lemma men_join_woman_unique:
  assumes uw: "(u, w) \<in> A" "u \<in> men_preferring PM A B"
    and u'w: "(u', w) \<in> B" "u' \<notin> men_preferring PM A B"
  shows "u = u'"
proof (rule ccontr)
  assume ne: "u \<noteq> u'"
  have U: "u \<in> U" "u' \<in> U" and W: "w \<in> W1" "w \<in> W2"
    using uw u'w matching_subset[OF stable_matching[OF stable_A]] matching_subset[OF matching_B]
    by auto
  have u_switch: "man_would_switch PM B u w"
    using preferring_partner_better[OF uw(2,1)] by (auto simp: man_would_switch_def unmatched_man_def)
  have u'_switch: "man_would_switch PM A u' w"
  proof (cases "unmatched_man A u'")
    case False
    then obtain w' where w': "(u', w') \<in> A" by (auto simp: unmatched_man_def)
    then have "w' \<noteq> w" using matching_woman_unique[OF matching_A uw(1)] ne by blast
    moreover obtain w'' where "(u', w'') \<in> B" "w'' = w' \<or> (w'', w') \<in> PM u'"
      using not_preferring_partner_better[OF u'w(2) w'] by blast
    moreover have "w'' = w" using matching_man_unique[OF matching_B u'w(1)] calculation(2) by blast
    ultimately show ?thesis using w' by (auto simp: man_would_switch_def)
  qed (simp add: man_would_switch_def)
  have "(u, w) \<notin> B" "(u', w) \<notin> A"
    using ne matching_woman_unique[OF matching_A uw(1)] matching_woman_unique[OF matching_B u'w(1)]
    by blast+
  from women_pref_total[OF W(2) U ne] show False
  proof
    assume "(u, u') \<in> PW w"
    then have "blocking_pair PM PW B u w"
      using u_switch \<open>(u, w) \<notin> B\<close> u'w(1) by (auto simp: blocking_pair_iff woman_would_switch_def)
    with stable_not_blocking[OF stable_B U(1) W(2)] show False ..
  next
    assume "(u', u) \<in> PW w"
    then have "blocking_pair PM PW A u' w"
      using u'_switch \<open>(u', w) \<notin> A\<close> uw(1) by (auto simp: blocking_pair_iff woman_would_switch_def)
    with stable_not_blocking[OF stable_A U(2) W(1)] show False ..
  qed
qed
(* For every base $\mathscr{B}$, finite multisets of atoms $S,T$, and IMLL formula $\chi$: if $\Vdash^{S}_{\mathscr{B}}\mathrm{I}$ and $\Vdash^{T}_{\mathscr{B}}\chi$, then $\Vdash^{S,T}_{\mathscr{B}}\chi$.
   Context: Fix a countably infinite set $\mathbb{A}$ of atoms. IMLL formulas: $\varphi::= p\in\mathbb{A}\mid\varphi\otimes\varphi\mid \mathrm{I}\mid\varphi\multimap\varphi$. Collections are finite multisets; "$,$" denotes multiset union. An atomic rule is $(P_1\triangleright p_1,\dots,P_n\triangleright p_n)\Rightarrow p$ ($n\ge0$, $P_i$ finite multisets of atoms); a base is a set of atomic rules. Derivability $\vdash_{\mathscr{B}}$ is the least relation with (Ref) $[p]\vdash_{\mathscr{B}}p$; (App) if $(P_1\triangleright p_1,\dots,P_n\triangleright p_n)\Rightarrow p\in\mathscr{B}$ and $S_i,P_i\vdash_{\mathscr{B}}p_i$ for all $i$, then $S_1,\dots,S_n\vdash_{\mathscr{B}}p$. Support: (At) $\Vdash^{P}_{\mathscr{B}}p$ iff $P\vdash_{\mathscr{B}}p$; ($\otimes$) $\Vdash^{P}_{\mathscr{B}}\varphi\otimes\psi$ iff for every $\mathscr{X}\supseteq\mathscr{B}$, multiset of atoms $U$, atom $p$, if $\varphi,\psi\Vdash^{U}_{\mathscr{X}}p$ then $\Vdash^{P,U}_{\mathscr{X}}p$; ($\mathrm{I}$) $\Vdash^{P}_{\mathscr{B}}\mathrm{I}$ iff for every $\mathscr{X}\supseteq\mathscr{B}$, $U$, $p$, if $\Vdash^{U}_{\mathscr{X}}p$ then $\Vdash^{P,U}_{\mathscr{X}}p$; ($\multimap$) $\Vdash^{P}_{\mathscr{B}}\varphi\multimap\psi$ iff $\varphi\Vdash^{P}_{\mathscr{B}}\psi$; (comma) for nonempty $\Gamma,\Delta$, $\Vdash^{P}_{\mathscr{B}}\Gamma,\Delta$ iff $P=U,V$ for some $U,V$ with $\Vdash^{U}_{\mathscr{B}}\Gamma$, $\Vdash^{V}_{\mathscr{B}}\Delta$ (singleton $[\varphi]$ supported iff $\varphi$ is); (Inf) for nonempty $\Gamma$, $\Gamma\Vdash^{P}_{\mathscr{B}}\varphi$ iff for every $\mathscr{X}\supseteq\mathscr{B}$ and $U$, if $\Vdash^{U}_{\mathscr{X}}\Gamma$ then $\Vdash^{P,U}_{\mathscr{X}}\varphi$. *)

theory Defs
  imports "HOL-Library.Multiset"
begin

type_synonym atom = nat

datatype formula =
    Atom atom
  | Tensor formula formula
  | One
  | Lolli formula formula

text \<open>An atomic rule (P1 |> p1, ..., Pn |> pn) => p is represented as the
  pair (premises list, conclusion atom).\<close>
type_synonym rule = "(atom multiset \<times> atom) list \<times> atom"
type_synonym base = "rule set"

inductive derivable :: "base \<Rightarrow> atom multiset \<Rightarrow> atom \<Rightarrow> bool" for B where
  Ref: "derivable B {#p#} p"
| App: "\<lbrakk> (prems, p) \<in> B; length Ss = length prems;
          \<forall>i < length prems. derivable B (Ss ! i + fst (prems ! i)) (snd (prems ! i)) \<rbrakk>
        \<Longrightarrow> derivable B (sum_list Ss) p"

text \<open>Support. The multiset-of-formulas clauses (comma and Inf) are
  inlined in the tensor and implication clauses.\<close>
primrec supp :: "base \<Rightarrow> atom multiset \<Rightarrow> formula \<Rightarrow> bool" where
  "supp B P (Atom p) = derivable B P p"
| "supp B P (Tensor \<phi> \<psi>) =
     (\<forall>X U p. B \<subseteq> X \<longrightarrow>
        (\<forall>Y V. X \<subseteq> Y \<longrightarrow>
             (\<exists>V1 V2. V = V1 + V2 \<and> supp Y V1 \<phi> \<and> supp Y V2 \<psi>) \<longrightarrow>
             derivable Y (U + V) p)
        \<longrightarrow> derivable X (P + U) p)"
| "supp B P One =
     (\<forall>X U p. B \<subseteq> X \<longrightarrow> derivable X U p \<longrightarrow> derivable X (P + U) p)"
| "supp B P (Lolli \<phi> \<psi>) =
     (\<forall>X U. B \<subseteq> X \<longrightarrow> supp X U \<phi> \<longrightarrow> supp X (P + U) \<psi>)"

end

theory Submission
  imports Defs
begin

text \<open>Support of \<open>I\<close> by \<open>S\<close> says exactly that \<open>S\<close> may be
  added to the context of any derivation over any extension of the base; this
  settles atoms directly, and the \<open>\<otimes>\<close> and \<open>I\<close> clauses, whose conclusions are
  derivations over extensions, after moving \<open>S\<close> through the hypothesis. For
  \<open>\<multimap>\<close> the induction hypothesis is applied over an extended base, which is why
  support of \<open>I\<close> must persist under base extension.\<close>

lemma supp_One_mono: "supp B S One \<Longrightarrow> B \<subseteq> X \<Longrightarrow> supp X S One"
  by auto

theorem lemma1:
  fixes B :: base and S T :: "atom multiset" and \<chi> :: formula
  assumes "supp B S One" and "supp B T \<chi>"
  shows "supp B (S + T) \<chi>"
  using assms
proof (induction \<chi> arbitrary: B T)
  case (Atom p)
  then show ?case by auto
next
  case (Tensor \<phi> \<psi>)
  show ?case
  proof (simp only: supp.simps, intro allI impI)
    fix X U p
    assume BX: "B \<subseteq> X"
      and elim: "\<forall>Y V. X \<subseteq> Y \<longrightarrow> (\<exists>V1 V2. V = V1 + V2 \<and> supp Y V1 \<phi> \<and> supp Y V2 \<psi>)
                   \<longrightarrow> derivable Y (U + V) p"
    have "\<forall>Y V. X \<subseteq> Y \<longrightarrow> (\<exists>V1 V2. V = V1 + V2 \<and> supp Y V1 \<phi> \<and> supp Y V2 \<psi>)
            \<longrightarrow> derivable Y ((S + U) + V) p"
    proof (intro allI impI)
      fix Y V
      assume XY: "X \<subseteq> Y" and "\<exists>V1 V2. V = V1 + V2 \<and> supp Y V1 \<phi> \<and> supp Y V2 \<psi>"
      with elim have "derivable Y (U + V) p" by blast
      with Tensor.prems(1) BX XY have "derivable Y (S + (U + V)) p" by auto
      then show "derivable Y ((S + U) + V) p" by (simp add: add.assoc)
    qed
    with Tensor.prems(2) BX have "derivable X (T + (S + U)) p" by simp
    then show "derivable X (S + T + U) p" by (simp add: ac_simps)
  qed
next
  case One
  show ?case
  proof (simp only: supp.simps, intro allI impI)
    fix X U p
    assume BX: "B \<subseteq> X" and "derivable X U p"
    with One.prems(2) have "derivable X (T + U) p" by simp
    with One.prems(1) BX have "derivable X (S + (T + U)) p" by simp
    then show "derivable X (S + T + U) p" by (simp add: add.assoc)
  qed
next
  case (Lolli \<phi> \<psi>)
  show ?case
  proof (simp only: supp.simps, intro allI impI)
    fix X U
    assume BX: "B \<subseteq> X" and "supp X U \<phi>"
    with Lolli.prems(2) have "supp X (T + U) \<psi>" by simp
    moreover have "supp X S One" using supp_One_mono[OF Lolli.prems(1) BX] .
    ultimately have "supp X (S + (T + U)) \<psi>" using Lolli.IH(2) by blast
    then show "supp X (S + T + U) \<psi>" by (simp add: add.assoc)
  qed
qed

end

--- --- ---

Take from the material above the lines running from the one with "Lolli formula formula" through the one with "Ss = length prems;", and repeat them exactly, with nothing else.

  | Lolli formula formula

text \<open>An atomic rule (P1 |> p1, ..., Pn |> pn) => p is represented as the
  pair (premises list, conclusion atom).\<close>
type_synonym rule = "(atom multiset \<times> atom) list \<times> atom"
type_synonym base = "rule set"

inductive derivable :: "base \<Rightarrow> atom multiset \<Rightarrow> atom \<Rightarrow> bool" for B where
  Ref: "derivable B {#p#} p"
| App: "\<lbrakk> (prems, p) \<in> B; length Ss = length prems;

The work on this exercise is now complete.